Abstract
Legumes are the second most important family of crop plants. One defining feature of legumes is their unique ability to establish a nitrogen-fixing root nodule symbiosis with soil bacteria known as rhizobia. Since domestication from their wild relatives, crop legumes have been under intensive breeding to improve yield and other agronomic traits but with little attention paid to the belowground symbiosis traits. Theoretical models predict that domestication and breeding processes, coupled with high−input agricultural practices, might have reduced the capacity of crop legumes to achieve their full potential of nitrogen fixation symbiosis. Testing this prediction requires characterizing symbiosis traits in wild and breeding populations under both natural and cultivated environments using genetic, genomic, and ecological approaches. However, very few experimental studies have been dedicated to this area of research. Here, we review how legumes regulate their interactions with soil rhizobia and how domestication, breeding and agricultural practices might have affected nodulation capacity, nitrogen fixation efficiency, and the composition and function of rhizobial community. We also provide a perspective on how to improve legume-rhizobial symbiosis in sustainable agricultural systems.
Introduction
Nitrogen availability is a limiting factor for plant growth. Modern agriculture is heavily dependent on utilization of nitrogen fertilizers to sustain crop production, which is not only expensive but also contributes to severe environmental pollution and global warming. Legumes, however, are able to make their own nitrogen fertilizer through forming a root-nodule symbiosis with nitrogen-fixing soil bacteria collectively known as rhizobia. Inside nodule cells, the rhizobial symbionts find an environmental niche that enables them to convert atmospheric nitrogen to ammonia. The bacteria supply fixed nitrogen to the plant and the plant provides bacteria with carbohydrates derived from photosynthesis.
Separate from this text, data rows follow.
(* Let $\lambda_1,\lambda_2$ and $H$ be as in the context. For every $c>0$ there exists a unique $\widetilde{\theta_c}\in(0,\frac{\pi}{2})\cap(0,\theta_c^+)$ such that $H(c,\widetilde{\theta_c})=0$.
   Context: Either $\lambda_1>\lambda_2>0$ or $\lambda_1=\lambda_2=1$. For $c>0$ put $\theta_c^+=\pi$ if $c>\sqrt2\lambda_1$ and $\theta_c^+=\arccos(1-c^2/\lambda_1^2)$ if $0<c\le\sqrt2\lambda_1$; $\Omega=\{(c,\theta): c>0,\ |\theta|<\theta_c^+\}$. For $(c,\theta)\in\Omega$: $D=\sin\theta/c$; $\varphi$ is the global solution of $\varphi'(u)=\sqrt{c^2+2\cos\theta\,B(u)-D^2B(u)^2}$, $\varphi(0)=0$, where $B(u)=\lambda_1^2\cos^2\varphi(u)+\lambda_2^2\sin^2\varphi(u)$; $U>0$ is the unique number with $\varphi(U)=\pi$; $f$ solves $f'(u)=DB(u)$, $f(0)=0$; $G(u)=\int_0^u\frac{c-\varphi'(s)}{B(s)}ds$; and $H(c,\theta)=Df(U)+cG(U)$. *)

theory Defs
  imports "HOL-Analysis.Analysis"
begin

definition theta_plus :: "real \<Rightarrow> real \<Rightarrow> real" where
  "theta_plus l1 c = (if c > sqrt 2 * l1 then pi else arccos (1 - c\<^sup>2 / l1\<^sup>2))"

definition Omega :: "real \<Rightarrow> (real \<times> real) set" where
  "Omega l1 = {(c, \<theta>). c > 0 \<and> \<bar>\<theta>\<bar> < theta_plus l1 c}"

definition Dco :: "real \<Rightarrow> real \<Rightarrow> real" where
  "Dco c \<theta> = sin \<theta> / c"

definition Bang :: "real \<Rightarrow> real \<Rightarrow> real \<Rightarrow> real" where
  "Bang l1 l2 x = l1\<^sup>2 * (cos x)\<^sup>2 + l2\<^sup>2 * (sin x)\<^sup>2"

definition phiRHS :: "real \<Rightarrow> real \<Rightarrow> real \<Rightarrow> real \<Rightarrow> real \<Rightarrow> real" where
  "phiRHS l1 l2 c \<theta> x =
     sqrt (c\<^sup>2 + 2 * cos \<theta> * Bang l1 l2 x - (Dco c \<theta>)\<^sup>2 * (Bang l1 l2 x)\<^sup>2)"

definition phi :: "real \<Rightarrow> real \<Rightarrow> real \<Rightarrow> real \<Rightarrow> real \<Rightarrow> real" where
  "phi l1 l2 c \<theta> = (THE \<phi>. \<phi> 0 = 0 \<and>
      (\<forall>u. (\<phi> has_real_derivative phiRHS l1 l2 c \<theta> (\<phi> u)) (at u)))"

definition Bfun :: "real \<Rightarrow> real \<Rightarrow> real \<Rightarrow> real \<Rightarrow> real \<Rightarrow> real" where
  "Bfun l1 l2 c \<theta> u = Bang l1 l2 (phi l1 l2 c \<theta> u)"

definition Uend :: "real \<Rightarrow> real \<Rightarrow> real \<Rightarrow> real \<Rightarrow> real" where
  "Uend l1 l2 c \<theta> = (THE U. U > 0 \<and> phi l1 l2 c \<theta> U = pi)"

definition ffun :: "real \<Rightarrow> real \<Rightarrow> real \<Rightarrow> real \<Rightarrow> real \<Rightarrow> real" where
  "ffun l1 l2 c \<theta> = (THE f. f 0 = 0 \<and>
      (\<forall>u. (f has_real_derivative Dco c \<theta> * Bfun l1 l2 c \<theta> u) (at u)))"

definition Gfun :: "real \<Rightarrow> real \<Rightarrow> real \<Rightarrow> real \<Rightarrow> real \<Rightarrow> real" where
  "Gfun l1 l2 c \<theta> u = integral {0..u}
      (\<lambda>s. (c - deriv (phi l1 l2 c \<theta>) s) / Bfun l1 l2 c \<theta> s)"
This mutualistic relationship is overridingly important in biosphere nitrogen cycle and plays a critical role in maintaining agricultural sustainability.
Establishment of the legume-rhizobia mutualism is a complex process (). It begins with a cross-kingdom molecular dialogue, leading to altered development of both symbiotic partners. Starting in the rhizosphere, perception of legume root exudates (flavonoids) by the bacterium activates a specific set of bacterial nodulation (Nod) genes, leading to synthesis and secretion of a highly specific signal known as Nod factors or lipochitooligosaccharides. Perception of Nod factors by the plant LysM receptors induces a variety of host responses, including root hair curling, entry of the bacteria into the root hairs, induced expression of the host symbiotic genes, and cortical cell divisions that collectively culminate in the formation of rhizobia-infected root nodules. Different legumes vary in bacterial infection mode (root hair vs. crack/intercellular infection), nodule development (determinate vs. indeterminate), and bacterial differentiation inside the nodule cells (terminal vs. non-terminal). However, recent phylogenomic studies suggested a single evolutionary innovation of nodulation originated in a common ancestor of the so called “nitrogen-fixing clade” around 110 million years ago (; ; , ).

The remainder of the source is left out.